Like many users, my AncestryDNA match list is filled with testers without trees. Over the years, I’ve built trees for matches I know in real life and those I communicated with online. Sleuthing skills helped me fill in the gaps on some unresponsive matches. But even after all my efforts, about a third of my closer matches (2nd – 3rd cousins) remain a mystery.
Then Dana Leeds introduced her color clustering technique to the Genetic Genealogy Tips & Techniques Facebook group. I was eager to try it, especially on my father’s side where I have a couple long-standing brick walls. My paternal side also has quite a bit of intermarriage among four key families, and I hoped color clustering might prove a nice way to illustrate our complex family.

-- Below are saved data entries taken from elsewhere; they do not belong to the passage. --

(* Let $C'$ be an odd-like binary Euclidean LCD $[n,k,d]$ code. Then there exist a binary Euclidean LCD $[n-1,k-1,d']$ code $C$ with $d'\ge d$, a generator matrix $G$ of $C$, and a vector $\mathbf{x}\in C^{\perp_E}$ of even Hamming weight, such that $C'$ is equivalent to the binary code with generator matrix $\begin{pmatrix}1&\mathbf{x}\\ \mathbf{0}&G\end{pmatrix}$.
   Context: A binary $[n,k,d]$ code is a $k$-dimensional subspace of $\mathbb{F}_2^n$ with minimum nonzero Hamming weight $d$. $C^{\perp_E}$ is the dual with respect to $\langle x,y\rangle_E=\sum x_iy_i$; $C$ is LCD if $C\cap C^{\perp_E}=\{0\}$. A vector $x\in\mathbb{F}_2^n$ is even-like if $\sum x_i=0$ and odd-like otherwise; a binary code is even-like if all its codewords are even-like, and odd-like otherwise. Two codes are equivalent if one is obtained from the other by a monomial transformation (for binary codes, a coordinate permutation). $\mathbf{0}$ denotes a zero column. *)

theory Defs
  imports "HOL-Library.Z2" "HOL-Combinatorics.Permutations"
begin

text \<open>Binary vectors of length n are lists over the field bit = GF(2) of length n.\<close>

definition vzero :: "nat \<Rightarrow> bit list" where
  "vzero n = replicate n 0"

definition vadd :: "bit list \<Rightarrow> bit list \<Rightarrow> bit list" where
  "vadd x y = map2 (+) x y"

definition hwt :: "bit list \<Rightarrow> nat" where
  "hwt x = length (filter (\<lambda>a. a \<noteq> 0) x)"

definition eip :: "bit list \<Rightarrow> bit list \<Rightarrow> bit" where
  "eip x y = sum_list (map2 (*) x y)"

text \<open>Linear binary code of length n: an F2-subspace of F2^n (scalar multiplication
  over F2 is trivial, so closure under 0 and addition suffices).\<close>
definition lin_code :: "nat \<Rightarrow> bit list set \<Rightarrow> bool" where
  "lin_code n C \<longleftrightarrow> C \<subseteq> {v. length v = n} \<and> vzero n \<in> C \<and>
     (\<forall>x\<in>C. \<forall>y\<in>C. vadd x y \<in> C)"

definition min_dist :: "nat \<Rightarrow> bit list set \<Rightarrow> nat" where
  "min_dist n C = Min (hwt ` (C - {vzero n}))"

text \<open>[n,k,d] binary linear code; a k-dimensional F2-subspace has exactly 2^k elements.
  For the zero code (k = 0) the minimum distance is undefined (conventionally infinite),
  so no condition on d is imposed then.\<close>
definition bin_code :: "nat \<Rightarrow> nat \<Rightarrow> nat \<Rightarrow> bit list set \<Rightarrow> bool" where
  "bin_code n k d C \<longleftrightarrow> lin_code n C \<and> card C = 2 ^ k \<and> (k > 0 \<longrightarrow> min_dist n C = d)"

definition euclid_dual :: "nat \<Rightarrow> bit list set \<Rightarrow> bit list set" where
  "euclid_dual n C = {y. length y = n \<and> (\<forall>x\<in>C. eip x y = 0)}"

definition is_LCD :: "nat \<Rightarrow> bit list set \<Rightarrow> bool" where
  "is_LCD n C \<longleftrightarrow> C \<inter> euclid_dual n C = {vzero n}"

definition even_like_vec :: "bit list \<Rightarrow> bool" where
  "even_like_vec x \<longleftrightarrow> sum_list x = 0"

definition odd_like_code :: "bit list set \<Rightarrow> bool" where
  "odd_like_code C \<longleftrightarrow> (\<exists>c\<in>C. \<not> even_like_vec c)"

text \<open>Matrices are lists of rows. Linear combination of the rows with coefficients a.\<close>
definition lincomb :: "nat \<Rightarrow> bit list list \<Rightarrow> (nat \<Rightarrow> bit) \<Rightarrow> bit list" where
  "lincomb n M a = map (\<lambda>j. \<Sum>i<length M. a i * (M ! i ! j)) [0..<n]"

definition gen_code :: "nat \<Rightarrow> bit list list \<Rightarrow> bit list set" where
  "gen_code n M = range (lincomb n M)"

definition is_gen_matrix :: "nat \<Rightarrow> bit list list \<Rightarrow> bit list set \<Rightarrow> bool" where
  "is_gen_matrix n M C \<longleftrightarrow> (\<forall>r\<in>set M. length r = n) \<and>
     (\<forall>a. lincomb n M a = vzero n \<longrightarrow> (\<forall>i<length M. a i = 0)) \<and>
     gen_code n M = C"

text \<open>Binary codes are equivalent iff they differ by a coordinate permutation.\<close>
definition perm_vec :: "nat \<Rightarrow> (nat \<Rightarrow> nat) \<Rightarrow> bit list \<Rightarrow> bit list" where
  "perm_vec n \<sigma> c = map (\<lambda>j. c ! \<sigma> j) [0..<n]"

definition code_equiv :: "nat \<Rightarrow> bit list set \<Rightarrow> bit list set \<Rightarrow> bool" where
  "code_equiv n C D \<longleftrightarrow> (\<exists>\<sigma>. \<sigma> permutes {..<n} \<and> C = perm_vec n \<sigma> ` D)"

end

(*
  Over F_2 an LCD code C' satisfies F_2^n = C' + C'^perp (direct), so every coordinate functional
  c |-> c_i is represented on C' by a codeword u_i, i.e. <c, u_i> = c_i for c in C'. Expanding
  codewords as c = sum c_i u_i shows that some (u_i)_i = 1 unless C' is even-like. For such a
  pivot v = u_i, C' is the direct sum of its subcode D vanishing at i and the line spanned by v,
  and v is orthogonal to D. Puncturing D at i gives the LCD code C, puncturing v gives the border
  x, which lies in the dual of C and has even weight because wt(v) = <v, v> = v_i = 1 mod 2.
*)
theory Submission
  imports Defs
begin

declare add_bit_eq_xor [simp del] mult_bit_eq_and [simp del]

lemma bit_add_self [simp]: "(b::bit) + b = 0"
  by (cases b) auto

lemma bit_add_eq_0_iff: "(b::bit) + c = 0 \<longleftrightarrow> b = c"
  by (cases b; cases c) auto

lemma UNIV_bit: "(UNIV :: bit set) = {0, 1}"
  using bit.exhaust by auto

lemma card_UNIV_bit: "card (UNIV :: bit set) = 2"
  by (simp add: UNIV_bit)

lemma finite_UNIV_bit [simp]: "finite (UNIV :: bit set)"
  by (simp add: UNIV_bit)

lemma finite_vectors: "finite {v :: bit list. length v = n}"
  using finite_lists_length_eq[of "UNIV :: bit set" n] by simp

lemma card_vectors: "card {v :: bit list. length v = n} = 2 ^ n"
  using card_lists_length_eq[of "UNIV :: bit set" n] by (simp add: card_UNIV_bit)

lemma length_vzero [simp]: "length (vzero n) = n"
  by (simp add: vzero_def)

lemma nth_vzero [simp]: "j < n \<Longrightarrow> vzero n ! j = 0"
  by (simp add: vzero_def)

lemma length_vadd [simp]: "length (vadd x y) = min (length x) (length y)"
  by (simp add: vadd_def)

lemma nth_vadd [simp]: "j < length x \<Longrightarrow> j < length y \<Longrightarrow> vadd x y ! j = x ! j + y ! j"
  by (simp add: vadd_def)

lemma vadd_vzero_right: "length x = n \<Longrightarrow> vadd x (vzero n) = x"
  by (rule nth_equalityI) auto

lemma vadd_self: "vadd x x = vzero (length x)"
  by (rule nth_equalityI) auto

lemma vadd_cancel_left: "length x = length y \<Longrightarrow> vadd x (vadd x y) = y"
  by (rule nth_equalityI) (auto simp flip: add.assoc)

lemma vadd_eq_vzero_iff: "length x = n \<Longrightarrow> length y = n \<Longrightarrow> vadd x y = vzero n \<longleftrightarrow> x = y"
  by (metis vadd_cancel_left vadd_self vadd_vzero_right)

lemma eip_conv_sum: "length x = n \<Longrightarrow> length y = n \<Longrightarrow> eip x y = (\<Sum>j<n. x ! j * y ! j)"
  unfolding eip_def by (simp add: sum_list_sum_nth atLeast0LessThan)

lemma eip_commute: "length x = length y \<Longrightarrow> eip x y = eip y x"
  by (simp add: eip_conv_sum mult.commute)

lemma eip_vadd_right:
  "length x = n \<Longrightarrow> length y = n \<Longrightarrow> length z = n \<Longrightarrow> eip x (vadd y z) = eip x y + eip x z"
  by (simp add: eip_conv_sum distrib_left sum.distrib)

lemma eip_vzero_right: "length x = n \<Longrightarrow> eip x (vzero n) = 0"
  by (simp add: eip_conv_sum)

lemma eip_self: "eip x x = sum_list x"
  unfolding eip_def by (induction x) auto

I followed the instructions for clustering 2nd – 3rd cousins (those matches sharing between 90 – 400 cM) on my paternal side, and my result was not four nicely sorted columns. I expected it to be a little messy — but 10 columns was more complicated than I anticipated:
I sought Dana’s advice at her presentation to Houston Genealogical Forum’s DNA special interest group earlier this month. While she hasn’t extensively tested this method with endogamous populations or families with pedigree collapse, Dana suggested flipping the match list and clustering from lowest to highest shared cM. I tried her suggestion, and the 12-column result was unfortunately just as confusing:
I had some success on my maternal side by removing the “problematic matches” — those testers who match me in more than one way — and then clustering. However, the problematic matches on my paternal side are 80% of the list. From both attempts, I can clearly identify the clusters related to my 2x-great-grandfather Joshua Lawrence Horne, but all the other families — Johnston, Smart, McMurry, and McKaskle — are extremely mixed.

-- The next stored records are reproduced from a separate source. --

(* Let $r\ge2$ and $p\ge2$ be integers, $\mathcal{A}$ the adjacency tensor of an $r$-uniform (possibly weighted) hypergraph on $n$ vertices, and $f(\mathbf{x})=(r-1)!\,\mathcal{A}\mathbf{x}^r/\|\mathbf{x}\|_p^r$. Let $\mathbf{x}_k$ be an iterate of the CSRH iteration (described in the context) with $\nabla f(\mathbf{x}_k)\neq0$, and let $\mathbf{p}_k$ be the corresponding search direction. If $0<c_1<c_2<1$, then there exists $\alpha_k>0$ such that $$f(\mathbf{x}_{k+1}(\alpha_k))\ge f(\mathbf{x}_k)+c_1\alpha_k\nabla f(\mathbf{x}_k)^\top\mathbf{p}_k,\qquad \nabla f(\mathbf{x}_{k+1}(\alpha_k))^\top\mathbf{p}_k\le c_2\nabla f(\mathbf{x}_k)^\top\mathbf{p}_k,$$ where $$\mathbf{x}_{k+1}(\alpha)=\frac{[(2-\alpha\mathbf{x}_k^\top\mathbf{p}_k)^2-\|\alpha\mathbf{p}_k\|^2]\mathbf{x}_k+4\alpha\mathbf{p}_k}{4+\|\alpha\mathbf{p}_k\|^2-(\alpha\mathbf{x}_k^\top\mathbf{p}_k)^2}.$$
   Context: Adjacency tensor: for a weighted $r$-uniform hypergraph with vertex set $\{1,\dots,n\}$ and edge weights $s(e)>0$, $\mathcal{A}=(a_{i_1\cdots i_r})$ is symmetric with $a_{i_1\cdots i_r}=s(e)/(r-1)!$ if $\{i_1,\dots,i_r\}=e$ is an edge and $0$ otherwise; $\mathcal{A}\mathbf{x}^r=\sum a_{i_1\cdots i_r}x_{i_1}\cdots x_{i_r}$, $(\mathcal{A}\mathbf{x}^{r-1})_i=\sum a_{ii_2\cdots i_r}x_{i_2}\cdots x_{i_r}$, $\|\mathbf{x}\|_p=(\sum|x_i|^p)^{1/p}$, $\|\cdot\|$ Euclidean. $\nabla f(\mathbf{x})=\frac{r!}{\|\mathbf{x}\|_p^r}(\mathcal{A}\mathbf{x}^{r-1}-\mathcal{A}\mathbf{x}^r\|\mathbf{x}\|_p^{-p}\mathbf{x}^{\langle p-1\rangle})$ with $(\mathbf{x}^{\langle p-1\rangle})_i=|x_i|^{p-1}\mathrm{sgn}(x_i)$. CSRH iteration: fix $0<c_1<c_2<1$, $\tfrac14<\tau<1$, $\epsilon>0$, a unit vector $\mathbf{x}_0$, and $\mathbf{p}_0=\nabla f(\mathbf{x}_0)$. At step $k$, choose $\alpha_k>0$ satisfying the two (Wolfe) inequalities $f(\mathbf{x}_{k+1}(\alpha_k))\ge f(\mathbf{x}_k)+c_1\alpha_k\nabla f(\mathbf{x}_k)^\top\mathbf{p}_k$ and $\nabla f(\mathbf{x}_{k+1}(\alpha_k))^\top\mathbf{p}_k\le c_2\nabla f(\mathbf{x}_k)^\top\mathbf{p}_k$, with $\mathbf{x}_{k+1}(\alpha)$ given by the displayed formula; set $\mathbf{x}_{k+1}=\mathbf{x}_{k+1}(\alpha_k)$, $\mathbf{d}_k=\mathbf{x}_{k+1}-\mathbf{x}_k$, $\mathbf{y}_k=\nabla f(\mathbf{x}_{k+1})-\nabla f(\mathbf{x}_k)$, $\beta_k=\max(0,\tilde\beta_k)$ where $\tilde\beta_k=(\tau\mathbf{d}_k\|\mathbf{y}_k\|^2/(\mathbf{d}_k^\top\mathbf{y}_k)-\mathbf{y}_k)^\top\nabla f(\mathbf{x}_{k+1})/(\mathbf{d}_k^\top\mathbf{y}_k)$ if $|\mathbf{d}_k^\top\mathbf{y}_k|\ge\epsilon\|\mathbf{d}_k\|\|\mathbf{y}_k\|$ and $\tilde\beta_k=0$ otherwise, and $\mathbf{p}_{k+1}=\nabla f(\mathbf{x}_{k+1})+\beta_k\mathbf{d}_k$. All iterates are unit vectors. *)

theory Defs
  imports "HOL-Analysis.Analysis"
begin

text \<open>Vertices of the hypergraph are the elements of a finite type 'n (playing the role of
  {1..n}); vectors in R^n are elements of real^'n.\<close>

definition uniform_weighted_hypergraph :: "nat \<Rightarrow> 'n::finite set set \<Rightarrow> ('n set \<Rightarrow> real) \<Rightarrow> bool" where
  "uniform_weighted_hypergraph r E s \<longleftrightarrow> (\<forall>e\<in>E. card e = r \<and> s e > 0)"

definition adj_tensor :: "nat \<Rightarrow> 'n::finite set set \<Rightarrow> ('n set \<Rightarrow> real) \<Rightarrow> 'n list \<Rightarrow> real" where
  "adj_tensor r E s is = (if length is = r \<and> set is \<in> E then s (set is) / fact (r - 1) else 0)"

definition tensor_form :: "('n::finite list \<Rightarrow> real) \<Rightarrow> nat \<Rightarrow> real^'n \<Rightarrow> real" where
  "tensor_form a r x = (\<Sum>is\<in>{is. length is = r}. a is * (\<Prod>j<r. x $ (is ! j)))"

definition tensor_vec :: "('n::finite list \<Rightarrow> real) \<Rightarrow> nat \<Rightarrow> real^'n \<Rightarrow> real^'n" where
  "tensor_vec a r x = (\<chi> i. \<Sum>js\<in>{js. length js = r - 1}. a (i # js) * (\<Prod>j<r - 1. x $ (js ! j)))"

definition pnorm :: "nat \<Rightarrow> real^'n::finite \<Rightarrow> real" where
  "pnorm p x = (\<Sum>i\<in>UNIV. \<bar>x $ i\<bar> ^ p) powr (1 / real p)"

definition sgnpow :: "nat \<Rightarrow> real^'n::finite \<Rightarrow> real^'n" where
  "sgnpow p x = (\<chi> i. \<bar>x $ i\<bar> ^ (p - 1) * sgn (x $ i))"

definition fobj :: "nat \<Rightarrow> nat \<Rightarrow> 'n::finite set set \<Rightarrow> ('n set \<Rightarrow> real) \<Rightarrow> real^'n \<Rightarrow> real" where
  "fobj r p E s x = fact (r - 1) * tensor_form (adj_tensor r E s) r x / pnorm p x ^ r"

definition gradf :: "nat \<Rightarrow> nat \<Rightarrow> 'n::finite set set \<Rightarrow> ('n set \<Rightarrow> real) \<Rightarrow> real^'n \<Rightarrow> real^'n" where
  "gradf r p E s x = (fact r / pnorm p x ^ r) *\<^sub>R
     (tensor_vec (adj_tensor r E s) r x
      - (tensor_form (adj_tensor r E s) r x * pnorm p x powr (- real p)) *\<^sub>R sgnpow p x)"

definition xnext :: "real^'n::finite \<Rightarrow> real^'n \<Rightarrow> real \<Rightarrow> real^'n" where
  "xnext x d \<alpha> = (1 / (4 + norm (\<alpha> *\<^sub>R d) ^ 2 - (\<alpha> * (x \<bullet> d)) ^ 2)) *\<^sub>R
     (((2 - \<alpha> * (x \<bullet> d)) ^ 2 - norm (\<alpha> *\<^sub>R d) ^ 2) *\<^sub>R x + (4 * \<alpha>) *\<^sub>R d)"

definition wolfe :: "(real^'n::finite \<Rightarrow> real) \<Rightarrow> (real^'n \<Rightarrow> real^'n) \<Rightarrow> real \<Rightarrow> real
    \<Rightarrow> real^'n \<Rightarrow> real^'n \<Rightarrow> real \<Rightarrow> bool" where
  "wolfe f g c1 c2 x d \<alpha> \<longleftrightarrow>
     f (xnext x d \<alpha>) \<ge> f x + c1 * \<alpha> * (g x \<bullet> d) \<and>
     g (xnext x d \<alpha>) \<bullet> d \<le> c2 * (g x \<bullet> d)"

definition csrh_beta :: "real \<Rightarrow> real \<Rightarrow> real^'n::finite \<Rightarrow> real^'n \<Rightarrow> real^'n \<Rightarrow> real" where
  "csrh_beta \<tau> \<epsilon> d y g1 =
     max 0 (if \<bar>d \<bullet> y\<bar> \<ge> \<epsilon> * norm d * norm y
            then ((\<tau> * norm y ^ 2 / (d \<bullet> y)) *\<^sub>R d - y) \<bullet> g1 / (d \<bullet> y)
            else 0)"

text \<open>x, p, alpha are the first k+1 iterates / directions and first k step sizes of a CSRH run.\<close>
definition csrh_run :: "(real^'n::finite \<Rightarrow> real) \<Rightarrow> (real^'n \<Rightarrow> real^'n) \<Rightarrow> real \<Rightarrow> real \<Rightarrow> real \<Rightarrow> real
    \<Rightarrow> (nat \<Rightarrow> real^'n) \<Rightarrow> (nat \<Rightarrow> real^'n) \<Rightarrow> (nat \<Rightarrow> real) \<Rightarrow> nat \<Rightarrow> bool" where
  "csrh_run f g c1 c2 \<tau> \<epsilon> x p \<alpha> k \<longleftrightarrow>
     0 < c1 \<and> c1 < c2 \<and> c2 < 1 \<and> 1/4 < \<tau> \<and> \<tau> < 1 \<and> 0 < \<epsilon> \<and>
     norm (x 0) = 1 \<and> p 0 = g (x 0) \<and>
     (\<forall>j<k. 0 < \<alpha> j \<and> wolfe f g c1 c2 (x j) (p j) (\<alpha> j) \<and>
        x (Suc j) = xnext (x j) (p j) (\<alpha> j) \<and>
        p (Suc j) = g (x (Suc j)) +
          csrh_beta \<tau> \<epsilon> (x (Suc j) - x j) (g (x (Suc j)) - g (x j)) (g (x (Suc j))) *\<^sub>R (x (Suc j) - x j))"

end

theory Submission
  imports Defs
begin

text \<open>The curve a \<mapsto> xnext x d a stays on the unit sphere and starts at x with velocity
  d - (x \<bullet> d) x. Since f is homogeneous of degree 0, its gradient is tangent to the sphere, so the
  slope of a \<mapsto> f (xnext x d a) at 0 is \<nabla>f(x) \<bullet> d, which is positive because CSRH directions are
  ascent directions (\<beta> \<ge> 0, and \<tau> > 1/4 makes the \<beta>-term harmless). As f is bounded on the sphere,
  \<psi>(a) = f (xnext x d a) - f x - c1 a \<nabla>f(x) \<bullet> d is positive right of 0 and negative far out, hence
  has an interior maximum a > 0: there the Armijo inequality holds and the slope equals
  c1 \<nabla>f(x) \<bullet> d. Tangency of the gradient turns \<nabla>f(xnext x d a) \<bullet> d into N/4 times that slope,
  where N \<le> 4 is the numerator of the update, which gives the curvature condition.\<close>

section \<open>Symmetric tensor forms\<close>

lemma sum_lists_length_Suc:
  "(\<Sum>is\<in>{is. length is = Suc m}. F is) = (\<Sum>i\<in>UNIV. \<Sum>js\<in>{js. length js = m}. F (i # js))"
proof -
  have "(\<Sum>is\<in>{is. length is = Suc m}. F is) = (\<Sum>(i, js)\<in>UNIV \<times> {js. length js = m}. F (i # js))"
    by (rule sum.reindex_bij_witness[of _ "\<lambda>(i, js). i # js" "\<lambda>is. (hd is, tl is)"])
       (auto simp: length_Suc_conv)
  then show ?thesis
    by (simp add: sum.cartesian_product)
qed

lemma tensor_vec_inner_self: "tensor_vec a (Suc m) x \<bullet> x = tensor_form a (Suc m) x"
proof -
  have "(\<Prod>j<Suc m. x $ ((i # js) ! j)) = x $ i * (\<Prod>j<m. x $ (js ! j))" for i js
    by (simp only: prod.lessThan_Suc_shift) simp
  then show ?thesis
    unfolding tensor_form_def sum_lists_length_Suc
    by (simp add: inner_vec_def tensor_vec_def sum_distrib_left mult_ac)
qed

lemma tensor_vec_inner:
  "tensor_vec a (Suc m) x \<bullet> h
     = (\<Sum>is\<in>{is. length is = Suc m}. a is * (h $ (is ! 0) * (\<Prod>l\<in>{..<Suc m} - {0}. x $ (is ! l))))"
proof -
  have "{..<Suc m} - {0} = Suc ` {..<m}"
    unfolding lessThan_Suc_eq_insert_0 by auto
  then have "(\<Prod>l\<in>{..<Suc m} - {0}. x $ ((i # js) ! l)) = (\<Prod>l<m. x $ (js ! l))" for i js
    by (simp add: prod.reindex)
  then show ?thesis
    unfolding sum_lists_length_Suc
    by (simp add: inner_vec_def tensor_vec_def sum_distrib_left sum_distrib_right mult_ac)
qed

lemma symmetric_tensor_sum_slot_swap:
  assumes sym: "\<And>xs ys. mset xs = mset ys \<Longrightarrow> a xs = a ys" and j: "j < Suc m"
  shows "(\<Sum>is\<in>{is. length is = Suc m}. a is * (h $ (is ! j) * (\<Prod>l\<in>{..<Suc m} - {j}. x $ (is ! l))))
       = (\<Sum>is\<in>{is. length is = Suc m}. a is * (h $ (is ! 0) * (\<Prod>l\<in>{..<Suc m} - {0}. x $ (is ! l))))"
proof -
  let ?\<pi> = "Transposition.transpose 0 j"
  have \<pi>: "?\<pi> permutes {..<Suc m}"
    using j by (simp add: permutes_swap_id)
  have swap: "permute_list ?\<pi> (permute_list ?\<pi> is) = is" if "length is = Suc m" for "is" :: "'a list"
    using \<pi> that by (simp add: permute_list_compose[symmetric])
  have term_eq: "a (permute_list ?\<pi> is) * (h $ (permute_list ?\<pi> is ! 0)
        * (\<Prod>l\<in>{..<Suc m} - {0}. x $ (permute_list ?\<pi> is ! l)))
      = a is * (h $ (is ! j) * (\<Prod>l\<in>{..<Suc m} - {j}. x $ (is ! l)))"
    if L: "length is = Suc m" for "is"
  proof -
    have "(\<Prod>l\<in>{..<Suc m} - {0}. x $ (permute_list ?\<pi> is ! l)) = (\<Prod>l\<in>{..<Suc m} - {j}. x $ (is ! l))"
    proof (rule prod.reindex_bij_witness[of _ ?\<pi> ?\<pi>])
      fix l assume l: "l \<in> {..<Suc m} - {0}"
      show "?\<pi> (?\<pi> l) = l" by simp
      show "?\<pi> l \<in> {..<Suc m} - {j}" using l j by (auto simp: Transposition.transpose_def)
      show "x $ (is ! ?\<pi> l) = x $ (permute_list ?\<pi> is ! l)" using l L \<pi> by (simp add: permute_list_nth)
    next
      fix l assume l: "l \<in> {..<Suc m} - {j}"
      show "?\<pi> (?\<pi> l) = l" by simp
      show "?\<pi> l \<in> {..<Suc m} - {0}" using l j by (auto simp: Transposition.transpose_def)
    qed
    moreover have "a (permute_list ?\<pi> is) = a is"
      by (rule sym) (use \<pi> L in simp)
    ultimately show ?thesis
      using \<pi> L by (simp add: permute_list_nth)
  qed
  show ?thesis
    by (rule sum.reindex_bij_witness[of _ "permute_list ?\<pi>" "permute_list ?\<pi>"])
       (simp_all add: swap term_eq)
qed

To illustrate, I prepared this simple family tree of my Johnston, Smart, McMurry, and McKaskle family and the intermarriages among these families. I then plotted my top AncestryDNA matches on the chart and realized seven (!!) of my top ten are involved in this tangled web. No wonder my color cluster is a big blob!
As I’ve reflected on my color clustering results, I’ve come to the following conclusions:
Clustering will likely be difficult because of my grandparents’ shared Smart family connection (unknown relationship).
Close matches that would typically be helpful in sorting/filtering/clustering have multiple shared ancestors, eliminating them as useful “constants” for comparison.
Because of intermarriage, testers who only match my father through one ancestor couple likely exist at the 4th cousin level or greater. Unfortunately, up to half of 4th cousins will not share enough DNA to show as a match according to ISOGG statistics.
I may not have enough testers on desired family branches to be helpful in clustering.
Pursue DNA testing of these family lines:
Descendants of William Silas Johnston & Harriett Johnston (Johnston double-cousins)
Descendants of James Monroe McKaskle who did not intermarry with other family lines — Nancy Bell McKaskle, Willie Keiffer McKaskle, Sr.
Descendants of “lost siblings” of John McMurry from 1860 census.
Attempt a 4th cousin-only color cluster. Capturing data from cousins “less intermarried” may result in clearer clusters.